I also would like to set the size of those buttons so they are not so huge (BorderLayout is being used for the buttons and TextField)
GridBagLayout is what you really want to use. The GridLayout will force the same size for each component in the layout no matter what size constraints you put on them. GridBagLayout is a lot more powerful and a lot more complicated. Study up on the API page for it. Using GridBagLayout, the components won't fill the whole grid space if you don't want them to and can even stay the size that you ask it to be. To keep a component's size from changing, I would set all three available size constraints:
water.setPreferredSize(new Dimension(20, 20));
water.setMinimumSize(new Dimension(20, 20));
water.setMaximumSize(new Dimension(20, 20));
For your buttons, I would definitely use an inner panel as Bryan mentions. You could use either a GridLayout like he suggests or a FlowLayout if you don't want all the buttons to be the same size.
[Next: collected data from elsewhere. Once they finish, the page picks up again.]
lemma ins_sign_insert:
  assumes "finite \<tau>" "w \<notin> \<tau>"
  shows "(ins_sign (insert w \<tau>) x :: 'k::field) = (if w < x then - ins_sign \<tau> x else ins_sign \<tau> x)"
proof -
  have "{u\<in>insert w \<tau>. u < x} = (if w < x then insert w {u\<in>\<tau>. u < x} else {u\<in>\<tau>. u < x})"
    by auto
  then show ?thesis
    using assms by (simp add: ins_sign_def)
qed

lemma ins_sign_mult_self [simp]: "(ins_sign \<tau> w :: 'k::field) * ins_sign \<tau> w = 1"
  by (simp add: ins_sign_def power_mult_distrib[symmetric])

lemma cl_bd_ins_sign: "cl_bd A c = (\<lambda>\<tau>. \<Sum>w\<in>A - \<tau>. ins_sign \<tau> w * c (insert w \<tau>))"
  by (simp add: cl_bd_def ins_sign_def)

lemma lk_ins_sign: "lk c v = (\<lambda>\<tau>. if v \<in> \<tau> then 0 else ins_sign \<tau> v * c (insert v \<tau>))"
  unfolding lk_def ins_sign_def ..

lemma cl_bd_add: "cl_bd A (\<lambda>\<sigma>. f \<sigma> + g \<sigma>) \<tau> = cl_bd A f \<tau> + cl_bd A g \<tau>"
  by (simp add: cl_bd_def sum.distrib distrib_left)

lemma cl_bd_diff: "cl_bd A (\<lambda>\<sigma>. f \<sigma> - g \<sigma>) \<tau> = cl_bd A f \<tau> - cl_bd A g \<tau>"
  by (simp add: cl_bd_def sum_subtractf right_diff_distrib)
(* Let $f(n,k)$ be the number of sets of exactly $k$ distinct integers $1\le p_1<p_2<\cdots<p_k\le n$ with $p_1+\cdots+p_j\le p_{j+1}$ for $1\le j\le k-1$. Then $f(n,0)=1$ for all $n\ge0$, and for $n\ge1$, $k\ge1$, $$f(n,k)=\sum_{p=0}^{\min\{k-1,\,n-\gamma(k)\}}\ \sum_{m=p}^{n-\gamma(k)}\bigl(n-\gamma(k)+1-m\bigr)\,a(m,p),$$ where an empty sum (in particular when $n<\gamma(k)$) is $0$.
   Context: A partition $n=p_1+\cdots+p_k$ with $1\le p_1\le\cdots\le p_k$ is non-squashing if $p_1+\cdots+p_j\le p_{j+1}$ for all $1\le j\le k-1$. $a(m,p)$ is the number of non-squashing partitions of $m$ into exactly $p$ parts (with $a(0,0)=1$ for the empty partition and $a(m,0)=0$ for $m\ge1$). The function $\gamma$ is defined by $\gamma(i)=i$ for $1\le i\le3$ and $\gamma(i)=3\cdot2^{i-3}$ for $i\ge3$ (so $\gamma$ takes values $1,2,3,6,12,24,\dots$). *)

theory Defs
  imports Main
begin

text \<open>Non-squashing condition on a list p_1,...,p_k (1-based in the paper, 0-based here):
  p_1 + ... + p_j <= p_(j+1) for 1 <= j <= k-1.\<close>
definition non_squashing :: "nat list \<Rightarrow> bool" where
  "non_squashing ps \<longleftrightarrow> (\<forall>j. 1 \<le> j \<and> j < length ps \<longrightarrow> sum_list (take j ps) \<le> ps ! j)"

definition a_ns :: "nat \<Rightarrow> nat \<Rightarrow> nat" where
  "a_ns m p = card {ps. length ps = p \<and> sum_list ps = m \<and> (\<forall>x\<in>set ps. 1 \<le> x)
                        \<and> sorted ps \<and> non_squashing ps}"

definition gamma :: "nat \<Rightarrow> nat" where
  "gamma i = (if i \<le> 3 then i else 3 * 2 ^ (i - 3))"

definition f_ns :: "nat \<Rightarrow> nat \<Rightarrow> nat" where
  "f_ns n k = card {S. S \<subseteq> {1..n} \<and> card S = k \<and> non_squashing (sorted_list_of_set S)}"

end

theory Submission
  imports Defs
begin

text \<open>Subtracting \<open>\<gamma>(i)\<close> from the \<open>i\<close>-th entry is a bijection from the strictly increasing
  non-squashing sequences of positive integers onto the non-squashing sequences of natural
  numbers (zero entries allowed). Indeed \<open>1, 2, 3, 6, 12, \<dots>\<close> is the least admissible sequence
  and \<open>\<gamma>(1) + \<dots> + \<gamma>(j) = \<gamma>(j + 1)\<close> for \<open>j \<ge> 3\<close>, so the shift leaves the non-squashing
  inequalities unchanged, except that \<open>p\<^sub>1 < p\<^sub>2\<close> becomes \<open>q\<^sub>1 \<le> q\<^sub>2\<close>. The bound
  \<open>p\<^sub>k \<le> n\<close> becomes \<open>q\<^sub>k \<le> N = n - \<gamma>(k)\<close>. If the first \<open>k - 1\<close> entries of \<open>q\<close> sum to \<open>m\<close>,
  the last one ranges over \<open>m..N\<close>, giving \<open>N + 1 - m\<close> choices; deleting the leading zeros of the
  first \<open>k - 1\<close> entries leaves a non-squashing partition of \<open>m\<close> into \<open>p \<le> k - 1\<close> parts.\<close>

fun non_squashing_from :: "nat \<Rightarrow> nat list \<Rightarrow> bool" where
  "non_squashing_from s [] = True"
| "non_squashing_from s (x # xs) \<longleftrightarrow> s \<le> x \<and> non_squashing_from (s + x) xs"

lemma non_squashing_from_iff_nth:
  "non_squashing_from s xs \<longleftrightarrow> (\<forall>j<length xs. s + sum_list (take j xs) \<le> xs ! j)"
  by (induction xs arbitrary: s) (auto simp: All_less_Suc2 add.assoc)

lemma non_squashing_eq_from_0: "non_squashing xs = non_squashing_from 0 xs"
proof -
  have "sum_list (take j xs) \<le> xs ! j" if "j = 0" for j
    using that by simp
  then show ?thesis
    unfolding non_squashing_def non_squashing_from_iff_nth
    by (metis add_0 less_one not_less)
qed

lemma non_squashing_from_ge: "non_squashing_from s xs \<Longrightarrow> y \<in> set xs \<Longrightarrow> s \<le> y"
  by (induction xs arbitrary: s) fastforce+

lemma non_squashing_from_sorted: "non_squashing_from s xs \<Longrightarrow> sorted xs"
  by (induction xs arbitrary: s) (auto dest: non_squashing_from_ge)

lemma non_squashing_from_strict: "0 < s \<Longrightarrow> non_squashing_from s xs \<Longrightarrow> sorted_wrt (<) xs"
proof (induction xs arbitrary: s)
  case (Cons x xs)
  then show ?case
    using Cons.IH[of "s + x"] by (fastforce dest: non_squashing_from_ge)
qed simp

lemma non_squashing_from_snoc:
  "non_squashing_from s (xs @ [x]) \<longleftrightarrow> non_squashing_from s xs \<and> s + sum_list xs \<le> x"
  by (induction xs arbitrary: s) (auto simp: add.assoc)

lemma non_squashing_from_0_replicate_0:
  "non_squashing_from 0 (replicate r 0 @ xs) = non_squashing_from 0 xs"
  by (induction r) auto

lemma non_squashing_from_0_split_zeros:
  "non_squashing_from 0 qs \<Longrightarrow> \<exists>r ps. qs = replicate r 0 @ ps \<and> (\<forall>x\<in>set ps. 0 < x)"
proof (induction qs)
  case (Cons x xs)
  show ?case
  proof (cases "x = 0")
    case True
    with Cons obtain r ps where "xs = replicate r 0 @ ps" "\<forall>y\<in>set ps. 0 < y" by auto
    with True show ?thesis by (metis replicate_Suc append_Cons)
  next
    case False
    with Cons.prems have "\<forall>y\<in>set (x # xs). 0 < y" by (auto dest: non_squashing_from_ge)
    then show ?thesis by (metis replicate_0 append_Nil)
  qed
qed simp

lemma sorted_le_last: "sorted xs \<Longrightarrow> y \<in> set xs \<Longrightarrow> y \<le> last xs"
  by (induction xs rule: rev_induct) (auto simp: sorted_append)

lemma gamma_ge_3: "3 \<le> i \<Longrightarrow> gamma i = 3 * 2 ^ (i - 3)"
  by (simp add: gamma_def)

lemma gamma_Suc_Suc_double: "2 \<le> i \<Longrightarrow> gamma (Suc (Suc i)) = 2 * gamma (Suc i)"
  by (auto simp: gamma_ge_3 dest!: le_Suc_ex)

fun add_gammas :: "nat \<Rightarrow> nat list \<Rightarrow> nat list" where
  "add_gammas i [] = []"
| "add_gammas i (q # qs) = (q + gamma (Suc i)) # add_gammas (Suc i) qs"

lemma length_add_gammas [simp]: "length (add_gammas i qs) = length qs"
  by (induction qs arbitrary: i) auto

lemma add_gammas_eq_Nil_iff [simp]: "add_gammas i qs = [] \<longleftrightarrow> qs = []"
  by (cases qs) auto

lemma inj_add_gammas: "inj (add_gammas i)"
proof (rule injI)
  show "add_gammas i xs = add_gammas i ys \<Longrightarrow> xs = ys" for xs ys
  proof (induction xs arbitrary: i ys)
    case Nil
    then show ?case by (cases ys) auto
  next
    case (Cons x xs)
    then show ?case by (cases ys) auto
  qed
qed

lemma last_add_gammas: "qs \<noteq> [] \<Longrightarrow> last (add_gammas i qs) = last qs + gamma (i + length qs)"
  by (induction qs arbitrary: i) auto

lemma non_squashing_from_add_gammas:
  "2 \<le> i \<Longrightarrow> non_squashing_from (s + gamma (Suc i)) (add_gammas i qs) = non_squashing_from s qs"
proof (induction qs arbitrary: i s)
  case (Cons q qs)
  \<comment> \<open>The offset grows by the shifted entry, i.e. by \<open>\<gamma>(i + 1)\<close> more than the unshifted offset,
    which is exactly the increase from \<open>\<gamma>(i + 1)\<close> to \<open>\<gamma>(i + 2)\<close>.\<close>
  have "gamma (Suc (Suc i)) = gamma (Suc i) + gamma (Suc i)"
    using gamma_Suc_Suc_double[OF Cons.prems] by simp
  then show ?case
    using Cons.IH[of "Suc i" "s + q"] Cons.prems by (simp add: ac_simps)
qed simp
Add all your buttons to that inner panel instead of the main one.
If you want the two checkerboards to stay the same size, then you'll need to have them each contained in their own JPanel. Set each of those parent JPanel's to have a layout type of GridBagLayout. Set the preferedSize for each checkerboard component and then add them to their respective containers. GridBagLayout should by default lay each board out in the center of the parent JPanel. So as the window is resized, the JPanel parent area will get larger or smaller, but the checkerboard components inside will remain the same size.
Alternatively, you could have your blue squares scale to the right size as the window is resized by having each checkboard square be a JPanel with a BorderLayout layout manager and adding the JLabel (with a blue background color) to its BorderLayout.CENTER location.
As for your buttons, try something like this:
JPanel theButtonPanel = new JPanel(new BorderLayout());
JButton button1 = new JButton("Fire");
JButton button2 = new JButton("Pass");
JButton button3 = new JButton("Forfiet");
JPanel innerButtonContainer = new JPanel(new Grid(1, 3, 8, 8));
innerButtonContainer.add(button1);
innerButtonContainer.add(button2);
innerButtonContainer.add(button3);
theButtonPanel.add(innterButtonContainer);
Lastly, consider using a design tool for your Swing user interface. Netbeans has an excellent UI designer built into it. Download Netbeans here.
If you can setResizeable( false ) on the top level frame you can then set your layout manager to null and hard code each location and size via setBounds. This is how I would do it (contingent on resizing of course).
I have had success solving problems like these using TableLayout which is a third party layout manager. You will need to download it and read the tutorial but the key would be to set the justification to CENTER when adding the JButtons to their positions in the layout.